lemma taylor_first_order_within:
  fixes F F' F'' :: "real \<Rightarrow> real"
  assumes F': "\<And>s. s \<in> {a..b} \<Longrightarrow> (F has_real_derivative F' s) (at s within {a..b})"
    and F'': "\<And>s. s \<in> {a..b} \<Longrightarrow> (F' has_real_derivative F'' s) (at s within {a..b})"
    and bound: "\<And>s. s \<in> {a..b} \<Longrightarrow> \<bar>F'' s\<bar> \<le> B"
    and t: "a \<le> t" "0 \<le> \<tau>" "t + \<tau> \<le> b"
  shows "\<bar>F (t + \<tau>) - F t - \<tau> * F' t\<bar> \<le> B * \<tau>\<^sup>2"
proof -
  define S where "S = {t..t + \<tau>}"
  have S: "S \<subseteq> {a..b}" "t \<in> S" "t + \<tau> \<in> S" "convex S"
    unfolding S_def using t by auto
  have B: "0 \<le> B"
    using bound[of t] S by force
  have F''_S: "(F' has_real_derivative F'' s) (at s within S)" if "s \<in> S" for s
    using has_field_derivative_subset[OF F''[of s] S(1)] that S(1) by blast
  have F'_dev: "\<bar>F' s - F' t\<bar> \<le> B * \<tau>" if "s \<in> S" for s
  proof -
    have "norm (F' s - F' t) \<le> B * norm (s - t)"
      using F''_S bound S that by (intro field_differentiable_bound[where f'=F'' and S=S]) auto
    also have "\<dots> \<le> B * \<tau>"
      using that B unfolding S_def by (intro mult_left_mono) auto
    finally show ?thesis by simp
  qed
  have "norm ((F (t + \<tau>) - (t + \<tau>) * F' t) - (F t - t * F' t)) \<le> (B * \<tau>) * norm ((t + \<tau>) - t)"
  proof (rule field_differentiable_bound[where f="\<lambda>s. F s - s * F' t" and f'="\<lambda>s. F' s - F' t" and S=S])
    show "((\<lambda>s. F s - s * F' t) has_field_derivative F' s - F' t) (at s within S)" if "s \<in> S" for s
      using has_field_derivative_subset[OF F'[of s] S(1)] that S(1)
      by (auto intro!: derivative_eq_intros)
  qed (use S F'_dev in auto)
  then show ?thesis
    using t by (simp add: power2_eq_square algebra_simps)
qed

section \<open>One step of the energy estimate\<close>

lemma power2_add_le: "(x + y)\<^sup>2 \<le> 2 * (x\<^sup>2 + (y::real)\<^sup>2)"
  using sum_squares_bound[of x y] by (simp add: power2_eq_square algebra_simps)

lemma power2_add3_le: "(x + y + z)\<^sup>2 \<le> 3 * (x\<^sup>2 + y\<^sup>2 + (z::real)\<^sup>2)"
  using sum_squares_bound[of x y] sum_squares_bound[of x z] sum_squares_bound[of y z]
  by (simp add: power2_eq_square algebra_simps)

lemma power2_add4_le: "(w + x + y + z)\<^sup>2 \<le> 4 * (w\<^sup>2 + x\<^sup>2 + y\<^sup>2 + (z::real)\<^sup>2)"
  using sum_squares_bound[of w x] sum_squares_bound[of w y] sum_squares_bound[of w z]
    sum_squares_bound[of x y] sum_squares_bound[of x z] sum_squares_bound[of y z]
  by (simp add: power2_eq_square algebra_simps)

lemma stencil_square_le:
  fixes p q x1 x2 x3 x4 :: real
  shows "(p * (x1 - x2) + q * (x3 - 2 * x1 + 2 * x2 - x4))\<^sup>2
           \<le> 4 * (\<bar>p\<bar> + 2 * \<bar>q\<bar>)\<^sup>2 * (x3\<^sup>2 + x1\<^sup>2 + x2\<^sup>2 + x4\<^sup>2)"
proof -
  define \<beta> where "\<beta> = \<bar>p\<bar> + 2 * \<bar>q\<bar>"
  have "\<bar>p * (x1 - x2) + q * (x3 - 2 * x1 + 2 * x2 - x4)\<bar>
      = \<bar>(p - 2 * q) * x1 + (2 * q - p) * x2 + q * x3 + (- q) * x4\<bar>"
    by (simp add: algebra_simps)
  also have "\<dots> \<le> \<bar>p - 2 * q\<bar> * \<bar>x1\<bar> + \<bar>2 * q - p\<bar> * \<bar>x2\<bar> + \<bar>q\<bar> * \<bar>x3\<bar> + \<bar>q\<bar> * \<bar>x4\<bar>"
    using abs_triangle_ineq[of "(p - 2 * q) * x1 + (2 * q - p) * x2 + q * x3" "(- q) * x4"]
      abs_triangle_ineq[of "(p - 2 * q) * x1 + (2 * q - p) * x2" "q * x3"]
      abs_triangle_ineq[of "(p - 2 * q) * x1" "(2 * q - p) * x2"]
    unfolding abs_mult abs_minus_cancel by linarith
  also have "\<dots> \<le> \<beta> * \<bar>x3\<bar> + \<beta> * \<bar>x1\<bar> + \<beta> * \<bar>x2\<bar> + \<beta> * \<bar>x4\<bar>"
  proof -
    have "\<bar>p - 2 * q\<bar> \<le> \<beta>" "\<bar>2 * q - p\<bar> \<le> \<beta>" "\<bar>q\<bar> \<le> \<beta>"
      unfolding \<beta>_def by auto
    then have "\<bar>p - 2 * q\<bar> * \<bar>x1\<bar> + \<bar>2 * q - p\<bar> * \<bar>x2\<bar> + \<bar>q\<bar> * \<bar>x3\<bar> + \<bar>q\<bar> * \<bar>x4\<bar>
        \<le> \<beta> * \<bar>x1\<bar> + \<beta> * \<bar>x2\<bar> + \<beta> * \<bar>x3\<bar> + \<beta> * \<bar>x4\<bar>"
      by (intro add_mono mult_right_mono) auto
    then show ?thesis
      by linarith
  qed
  finally have "(p * (x1 - x2) + q * (x3 - 2 * x1 + 2 * x2 - x4))\<^sup>2 \<le> (\<beta> * \<bar>x3\<bar> + \<beta> * \<bar>x1\<bar> + \<beta> * \<bar>x2\<bar> + \<beta> * \<bar>x4\<bar>)\<^sup>2"
    by (metis abs_ge_zero abs_le_square_iff abs_of_nonneg order.trans power2_abs)
  also have "\<dots> \<le> 4 * ((\<beta> * \<bar>x3\<bar>)\<^sup>2 + (\<beta> * \<bar>x1\<bar>)\<^sup>2 + (\<beta> * \<bar>x2\<bar>)\<^sup>2 + (\<beta> * \<bar>x4\<bar>)\<^sup>2)"
    by (rule power2_add4_le)
  also have "\<dots> = 4 * \<beta>\<^sup>2 * (x3\<^sup>2 + x1\<^sup>2 + x2\<^sup>2 + x4\<^sup>2)"
    by (simp add: power_mult_distrib algebra_simps)
  finally show ?thesis
    unfolding \<beta>_def .
qed
(* Let $\Theta\subseteq\mathbb{R}$ and let $X$ be a random variable with probability density function or probability mass function $$f_X(x,\theta)=h(x)\exp\big(\eta(\theta)T(x)-A(\theta)\big),\qquad\theta\in\Theta,$$ where $T,h,\eta,A$ are known functions with $\eta,A$ differentiable on $\Theta$. Let $X_1,\dots,X_n$ be i.i.d. samples of $X$, let $\widehat{\boldsymbol\theta}=\frac1n\sum_{i=1}^nT(X_i)$, and for $z,\theta\in\Theta$ define $$\mathscr{M}(z,\theta)=\left[\frac{\exp(\eta(\theta)z-A(\theta))}{\exp(\eta(z)z-A(z))}\right]^n .$$ Suppose $\frac{d\eta(\theta)}{d\theta}>0$ for $\theta\in\Theta$. Then $$\Pr\{\widehat{\boldsymbol\theta}\ge z\mid\theta\}\le\mathscr{M}(z,\theta)\Pr\{\widehat{\boldsymbol\theta}\ge z\mid z\}\quad\text{for } z,\theta\in\Theta,\ z\ge\theta,$$ $$\Pr\{\widehat{\boldsymbol\theta}\le z\mid\theta\}\le\mathscr{M}(z,\theta)\Pr\{\widehat{\boldsymbol\theta}\le z\mid z\}\quad\text{for } z,\theta\in\Theta,\ z\le\theta.$$ Moreover, if additionally $\frac{dA(\theta)}{d\theta}=\theta\frac{d\eta(\theta)}{d\theta}$ on $\Theta$, then: (i) $\widehat{\boldsymbol\theta}$ is a maximum-likelihood and unbiased estimator of $\theta$; (ii) $\mathscr{M}(z,\theta)=\inf_{t\in\mathbb{R}}\mathbb{E}\big[\exp(nt(\widehat{\boldsymbol\theta}-z))\big]$ (expectation under parameter $\theta$), the infimum being attained at $t=\eta(z)-\eta(\theta)$; (iii) for fixed $z\in\Theta$, $\mathscr{M}(z,\theta)$ is increasing in $\theta\in\Theta$ with $\theta\le z$ and decreasing in $\theta\in\Theta$ with $\theta\ge z$; (iv) for fixed $\theta\in\Theta$, $\mathscr{M}(z,\theta)$ is increasing in $z\in\Theta$ with $z\le\theta$ and decreasing in $z\in\Theta$ with $z\ge\theta$; (v) for $z\in\Theta$, $$\Pr\{\widehat{\boldsymbol\theta}\ge z\mid z\}\le\frac12+\frac{C_{\mathrm{BE}}}{\sqrt n}\frac{\mathbb{E}[|T(X)-z|^3]}{\mathbb{E}^{3/2}[|T(X)-z|^2]}\le\frac12+\frac{C_{\mathrm{BE}}}{\sqrt n}\frac{\mathbb{E}^{3/4}[|T(X)-z|^4]}{\mathbb{E}^{3/2}[|T(X)-z|^2]},$$ $$\Pr\{\widehat{\boldsymbol\theta}\le z\mid z\}\le\frac12+\frac{C_{\mathrm{BE}}}{\sqrt n}\frac{\mathbb{E}[|T(X)-z|^3]}{\mathbb{E}^{3/2}[|T(X)-z|^2]}\le\frac12+\frac{C_{\mathrm{BE}}}{\sqrt n}\frac{\mathbb{E}^{3/4}[|T(X)-z|^4]}{\mathbb{E}^{3/2}[|T(X)-z|^2]},$$ where the expectations are taken with parameter $\theta=z$.
   Context: $\Pr\{\cdot\mid\theta\}$ denotes probability when the samples have parameter $\theta$. $C_{\mathrm{BE}}$ denotes the absolute constant in the Berry–Esseen inequality: for i.i.d. samples $Y_1,Y_2,\dots$ of a random variable $Y$ with $\mathbb{E}[Y]=0$, $\mathbb{E}[Y^2]>0$, $\mathbb{E}[|Y|^3]<\infty$, if $F_n$ is the cdf of $\sum_{i=1}^nY_i/\sqrt{n\mathbb{E}[Y^2]}$ and $\Phi$ the standard normal cdf, then $|F_n(y)-\Phi(y)|\le\frac{C_{\mathrm{BE}}}{\sqrt n}\frac{\mathbb{E}[|Y|^3]}{\mathbb{E}^{3/2}[Y^2]}$ for all $y$ and $n$ (it is known that one may take $C_{\mathrm{BE}}<0.4785$). *)

theory Defs
  imports "HOL-Probability.Probability"
begin

text \<open>Density (pdf or pmf, w.r.t. a base measure mu) of the one-parameter exponential family
  f(x,theta) = h(x) exp(eta(theta) T(x) - A(theta)).\<close>
definition expfam_density ::
  "('a \<Rightarrow> real) \<Rightarrow> ('a \<Rightarrow> real) \<Rightarrow> (real \<Rightarrow> real) \<Rightarrow> (real \<Rightarrow> real) \<Rightarrow> real \<Rightarrow> 'a \<Rightarrow> real" where
  "expfam_density h T \<eta> A \<theta> x = h x * exp (\<eta> \<theta> * T x - A \<theta>)"

definition expfam_law ::
  "'a measure \<Rightarrow> ('a \<Rightarrow> real) \<Rightarrow> ('a \<Rightarrow> real) \<Rightarrow> (real \<Rightarrow> real) \<Rightarrow> (real \<Rightarrow> real) \<Rightarrow> real \<Rightarrow> 'a measure" where
  "expfam_law \<mu> h T \<eta> A \<theta> = density \<mu> (\<lambda>x. ennreal (expfam_density h T \<eta> A \<theta> x))"

definition sample_law ::
  "'a measure \<Rightarrow> ('a \<Rightarrow> real) \<Rightarrow> ('a \<Rightarrow> real) \<Rightarrow> (real \<Rightarrow> real) \<Rightarrow> (real \<Rightarrow> real) \<Rightarrow> nat \<Rightarrow> real \<Rightarrow> (nat \<Rightarrow> 'a) measure" where
  "sample_law \<mu> h T \<eta> A n \<theta> = PiM {..<n} (\<lambda>_. expfam_law \<mu> h T \<eta> A \<theta>)"

definition theta_hat :: "('a \<Rightarrow> real) \<Rightarrow> nat \<Rightarrow> (nat \<Rightarrow> 'a) \<Rightarrow> real" where
  "theta_hat T n x = (\<Sum>i<n. T (x i)) / real n"

definition likelihood ::
  "('a \<Rightarrow> real) \<Rightarrow> ('a \<Rightarrow> real) \<Rightarrow> (real \<Rightarrow> real) \<Rightarrow> (real \<Rightarrow> real) \<Rightarrow> nat \<Rightarrow> real \<Rightarrow> (nat \<Rightarrow> 'a) \<Rightarrow> real" where
  "likelihood h T \<eta> A n \<theta> x = (\<Prod>i<n. expfam_density h T \<eta> A \<theta> (x i))"

definition M_fun :: "(real \<Rightarrow> real) \<Rightarrow> (real \<Rightarrow> real) \<Rightarrow> nat \<Rightarrow> real \<Rightarrow> real \<Rightarrow> real" where
  "M_fun \<eta> A n z \<theta> = (exp (\<eta> \<theta> * z - A \<theta>) / exp (\<eta> z * z - A z)) ^ n"

definition std_normal_cdf :: "real \<Rightarrow> real" where
  "std_normal_cdf y = measure (density lborel (\<lambda>t. ennreal (std_normal_density t))) {..y}"

definition berry_esseen_const :: "real \<Rightarrow> bool" where
  "berry_esseen_const C \<longleftrightarrow>
    (\<forall>Q :: real measure. prob_space Q \<and> sets Q = sets borel \<and>
       integrable Q (\<lambda>y. \<bar>y\<bar> ^ 3) \<and> (\<integral>y. y \<partial>Q) = 0 \<and> (\<integral>y. y\<^sup>2 \<partial>Q) > 0 \<longrightarrow>
       (\<forall>n::nat. \<forall>y::real. n \<ge> 1 \<longrightarrow>
          \<bar>measure (PiM {..<n} (\<lambda>_. Q))
              {x \<in> space (PiM {..<n} (\<lambda>_. Q)).
                 (\<Sum>i<n. x i) / sqrt (real n * (\<integral>t. t\<^sup>2 \<partial>Q)) \<le> y}
           - std_normal_cdf y\<bar>
          \<le> C / sqrt (real n) * ((\<integral>t. \<bar>t\<bar> ^ 3 \<partial>Q) / (\<integral>t. t\<^sup>2 \<partial>Q) powr (3/2))))"

end

theory Submission
  imports Defs
begin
---
(Exercise directions):
Go through the listing above and return every line where the word "unfolding" occurs.

(Output):
    unfolding S_def using t by auto
      using that B unfolding S_def by (intro mult_left_mono) auto
    unfolding abs_mult abs_minus_cancel by linarith
      unfolding \<beta>_def by auto
    unfolding \<beta>_def .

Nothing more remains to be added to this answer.